Koch, Neil Barsky's documentary portrait of irascible, galvanizing New York Mayor Ed Koch, opens this weekend at The Belcourt with the fanfare due a movie that's getting hailed as an outstanding debut. On Saturday, after the 4 p.m. screening, director Barsky will participate in a post-film discussion via Skype. On Sunday, author and Vanderbilt professor of urban sociology Richard Lloyd will discuss the movie after the 4 p.m. show.
The synopsis from The Belcourt's website:
Former Mayor Ed Koch was the quintessential New Yorker. Ferocious, charismatic, and hilariously blunt, Koch, who died in February at the age of 88, ruled New York from 1978 to 1989—a down-and-dirty decade of grit, graffiti, near-bankruptcy and rampant crime.

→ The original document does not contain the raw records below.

lemma P_out_eq_integral:
  fixes \<eta> Pt \<sigma>2 \<gamma>thr \<alpha> h Dx Dy C I :: real
  assumes "\<sigma>2 > 0" "\<gamma>thr > 0" "h \<noteq> 0" "Dx > 0" "Dy > 0"
    and C_def: "C = \<eta> * Pt / (\<gamma>thr * \<sigma>2)"
    and I: "(coverage_halfwidth \<alpha> h C (Dy / 2) has_integral I) {0..Dx}"
  shows "P_out \<eta> Pt \<sigma>2 \<gamma>thr \<alpha> h Dx Dy = 1 - 2 * I / (Dx * Dy)"
proof -
  define a where "a = Dy / 2"
  define w where "w = coverage_halfwidth \<alpha> h C a"
  define M1 where "M1 = uniform_measure lborel {0..Dx}"
  define M2 where "M2 = uniform_measure lborel {-a..a}"
  define S where "S = {(x, y). snr_r \<eta> Pt \<sigma>2 \<alpha> h x y \<le> \<gamma>thr}"
  have a: "0 < a" using assms by (simp add: a_def)
  have w: "0 \<le> w x" "w x \<le> a" for x
    using clamped_sqrt_bounds[of a] a by (simp_all add: w_def coverage_halfwidth_def)
  have nonneg: "0 \<le> Dx - I / a"
  proof -
    have "I \<le> Dx * a"
      using has_integral_le[OF I has_integral_const_real[of a 0 Dx]] w assms by (simp add: w_def a_def)
    then show ?thesis using a by (simp add: field_simps)
  qed
  interpret M2: prob_space M2
    unfolding M2_def using a by (intro prob_space_uniform_measure) auto
  have P: "P_out \<eta> Pt \<sigma>2 \<gamma>thr \<alpha> h Dx Dy = measure (M1 \<Otimes>\<^sub>M M2) S"
    by (simp add: P_out_def user_law_def M1_def M2_def S_def a_def)
  have "S = {p \<in> space (M1 \<Otimes>\<^sub>M M2). snr_r \<eta> Pt \<sigma>2 \<alpha> h (fst p) (snd p) \<le> \<gamma>thr}"
    by (auto simp: S_def M1_def M2_def space_pair_measure)
  also have "\<dots> \<in> sets (M1 \<Otimes>\<^sub>M M2)"
    unfolding M1_def M2_def snr_r_def by measurable
  finally have "S \<in> sets (M1 \<Otimes>\<^sub>M M2)" .
  then have "emeasure (M1 \<Otimes>\<^sub>M M2) S = (\<integral>\<^sup>+x. emeasure M2 (Pair x -` S) \<partial>M1)"
    by (rule M2.emeasure_pair_measure_alt)
  also have "\<dots> = (\<integral>\<^sup>+x. ennreal (1 - w x / a) \<partial>M1)"
  proof -
    have "Pair x -` S = {y. C * exp (- \<alpha> * x) - h\<^sup>2 \<le> y\<^sup>2}" for x
      using assms by (auto simp: S_def snr_r_le_iff)
    then show ?thesis
      by (simp add: M2_def w_def coverage_halfwidth_def emeasure_uniform_interval_square_ge[OF a])
  qed
  also have "\<dots> = (\<integral>\<^sup>+x. ennreal (1 - w x / a) * indicator {0..Dx} x \<partial>lborel) / emeasure lborel {0..Dx}"
    unfolding M1_def by (rule nn_integral_uniform_measure) (auto simp: w_def coverage_halfwidth_def clamped_sqrt_def)
  also have "\<dots> = ennreal (Dx - I / a) / ennreal Dx"
  proof -
    have "((\<lambda>x. 1 - w x / a) has_integral Dx - I / a) {0..Dx}"
      using has_integral_diff[OF has_integral_const_real[of 1 0 Dx] has_integral_divide[OF I, of a]] assms
      by (simp add: w_def a_def)
    from nn_integral_has_integral_lebesgue'[OF _ this] show ?thesis
      using w a assms by (simp add: field_simps)
  qed
  also have "\<dots> = ennreal ((Dx - I / a) / Dx)"
    using nonneg assms by (intro divide_ennreal) auto
  finally have "measure (M1 \<Otimes>\<^sub>M M2) S = (Dx - I / a) / Dx"
    using nonneg assms by (simp add: measure_def)
  with P show ?thesis
    using assms by (simp add: a_def field_simps)
qed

First-time filmmaker (and former Wall Street Journal reporter) Neil Barsky has crafted an intimate and revealing portrait of this intensely private man, his legacy as a political titan, and the town he helped transform. The tumult of his three terms included a fiercely competitive 1977 election; an infamous 1980 transit strike; the burgeoning AIDS epidemic; landmark housing renewal initiatives; and an irreparable municipal corruption scandal. Through candid interviews and rare archival footage, Koch thrillingly chronicles the personal and political toll of running the world’s most wondrous city in a time of upheaval and reinvention.